2010-02-15 News

What drove tuna catches between 1525 and 1756 in southern Europe

Bluefin Tuna (Thunnus thynnus)

Long-term changes in temperature can influence the productivity and composition of ecosystems since many biochemical processes are temperature-driven. For ecosystems encompassing large geographical areas this influence is however difficult to prove empirically since recent human influence may have a much stronger effect than environmental conditions. The analysis of the variations of ecological data over periods in which this human influence was not as pressing as today can, therefore, more clearly reveal linkages between climatic or environmental conditions and ecological productivity. This study attempted to disentangle the relationship between temperature variations and populations of Mediterranean tuna (Thunnus thynnus) between the 16th and 18th centuries by analyzing historical records of fish captures, temperature reconstructions based on proxy-data and simulation of past climates performed with a global climate climate model.

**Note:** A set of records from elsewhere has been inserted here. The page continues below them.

(* For every finite field extension $\mathbb{K}/\mathbb{Q}$ with $\mathbb{K}$ real (embeddable in $\mathbb{R}$), there exists a finite set $\mathcal{I}$ of CI constraints such that $\mathcal{K}_{\mathbb{R}}(\mathcal{I})\neq\emptyset$ and for every $\Sigma\in\mathcal{K}_{\mathbb{R}}(\mathcal{I})$ the subfield of $\mathbb{R}$ generated by the entries of $\Sigma$ admits a field embedding of $\mathbb{K}$. In particular, all real algebraic numbers are necessary to witness the non-emptiness of regular Gaussian CI models: there exist non-empty positive models $\mathcal{K}_{\mathbb{R}}(\mathcal{I})$ containing no matrix with all entries rational.
   Context: Let $\mathsf{N}$ be a finite ground set. A CI statement is a symbol $(\mathsf{ij}|\mathsf{K})$ with $\mathsf{i}\neq\mathsf{j}\in\mathsf{N}$, $\mathsf{K}\subseteq\mathsf{N}\setminus\{\mathsf{i},\mathsf{j}\}$. For symmetric $\Sigma$, $[\mathsf{ij}|\mathsf{K}:\Sigma]:=\det\Sigma_{\mathsf{i}\mathsf{K},\mathsf{j}\mathsf{K}}$. A set of CI constraints $\mathcal{I}$ consists of statements $(\mathsf{ij}|\mathsf{K})$, satisfied by $\Sigma$ iff $[\mathsf{ij}|\mathsf{K}:\Sigma]=0$, and negated statements $\neg(\mathsf{ij}|\mathsf{K})$, satisfied iff $[\mathsf{ij}|\mathsf{K}:\Sigma]\neq0$. $\mathcal{K}_{\mathbb{R}}(\mathcal{I})$ is the set of real positive-definite symmetric $\mathsf{N}\times\mathsf{N}$ matrices satisfying all constraints of $\mathcal{I}$ (covariance matrices of regular Gaussian distributions satisfying $\mathcal I$). *)

theory Defs
  imports Complex_Main "Jordan_Normal_Form.Determinant"
begin

text \<open>Matrices on a finite ground set N of natural numbers are functions
  nat => nat => real; only the entries indexed by N x N are relevant.\<close>

type_synonym cmat = "nat \<Rightarrow> nat \<Rightarrow> real"

definition sym_on :: "nat set \<Rightarrow> cmat \<Rightarrow> bool" where
  "sym_on N S \<longleftrightarrow> (\<forall>i\<in>N. \<forall>j\<in>N. S i j = S j i)"

definition posdef_on :: "nat set \<Rightarrow> cmat \<Rightarrow> bool" where
  "posdef_on N S \<longleftrightarrow> sym_on N S \<and>
     (\<forall>x::nat \<Rightarrow> real. (\<exists>i\<in>N. x i \<noteq> 0) \<longrightarrow>
        (\<Sum>i\<in>N. \<Sum>j\<in>N. x i * S i j * x j) > 0)"

text \<open>[ij|K : Sigma] = det Sigma_{iK,jK}; rows i,K and columns j,K, where K is
  listed in increasing order (the ordering only affects the sign).\<close>
definition ci_minor :: "cmat \<Rightarrow> nat \<Rightarrow> nat \<Rightarrow> nat set \<Rightarrow> real" where
  "ci_minor S i j K =
     (let rs = i # sorted_list_of_set K; cs = j # sorted_list_of_set K
      in det (mat (card K + 1) (card K + 1) (\<lambda>(r, c). S (rs ! r) (cs ! c))))"

datatype ci_constraint = CI nat nat "nat set" | NegCI nat nat "nat set"

fun ci_wf :: "nat set \<Rightarrow> ci_constraint \<Rightarrow> bool" where
  "ci_wf N (CI i j K) \<longleftrightarrow> i \<in> N \<and> j \<in> N \<and> i \<noteq> j \<and> K \<subseteq> N - {i, j}"
| "ci_wf N (NegCI i j K) \<longleftrightarrow> i \<in> N \<and> j \<in> N \<and> i \<noteq> j \<and> K \<subseteq> N - {i, j}"

fun ci_sat :: "cmat \<Rightarrow> ci_constraint \<Rightarrow> bool" where
  "ci_sat S (CI i j K) \<longleftrightarrow> ci_minor S i j K = 0"
| "ci_sat S (NegCI i j K) \<longleftrightarrow> ci_minor S i j K \<noteq> 0"

definition gauss_model :: "nat set \<Rightarrow> ci_constraint set \<Rightarrow> cmat set" where
  "gauss_model N I = {S. posdef_on N S \<and> (\<forall>c\<in>I. ci_sat S c)}"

The period between the 16th and 18th centuries in Europe were characterized by a very prominent drop in temperatures. The maximum cooling was attained around 1700 during a period of very low solar activity known as the Late Maunder Minimum, in which temperatures in Europe could have been around 1 degree on average colder than today - although this number is still uncertain. These cold temperatures had a strong negative influence in the population of Mediterranean tuna. This population ca be estimated from well documented historical records of catches hauled at ports in South Western Spain. During this period, the fishing methods did not change much, so that the changes in catches can be shown to reflect changes in the political environment (e.g. wars and social turmoil) but also due to temperature changes.
The statistical analysis of all these data allows to determine that climatic variations over this period in the past can explain about 10% of the variations of the Mediterranean tuna population. This effect can be also understood in terms of recruitment and population survival. A large portion of variation, however, is due to internal population dynamics.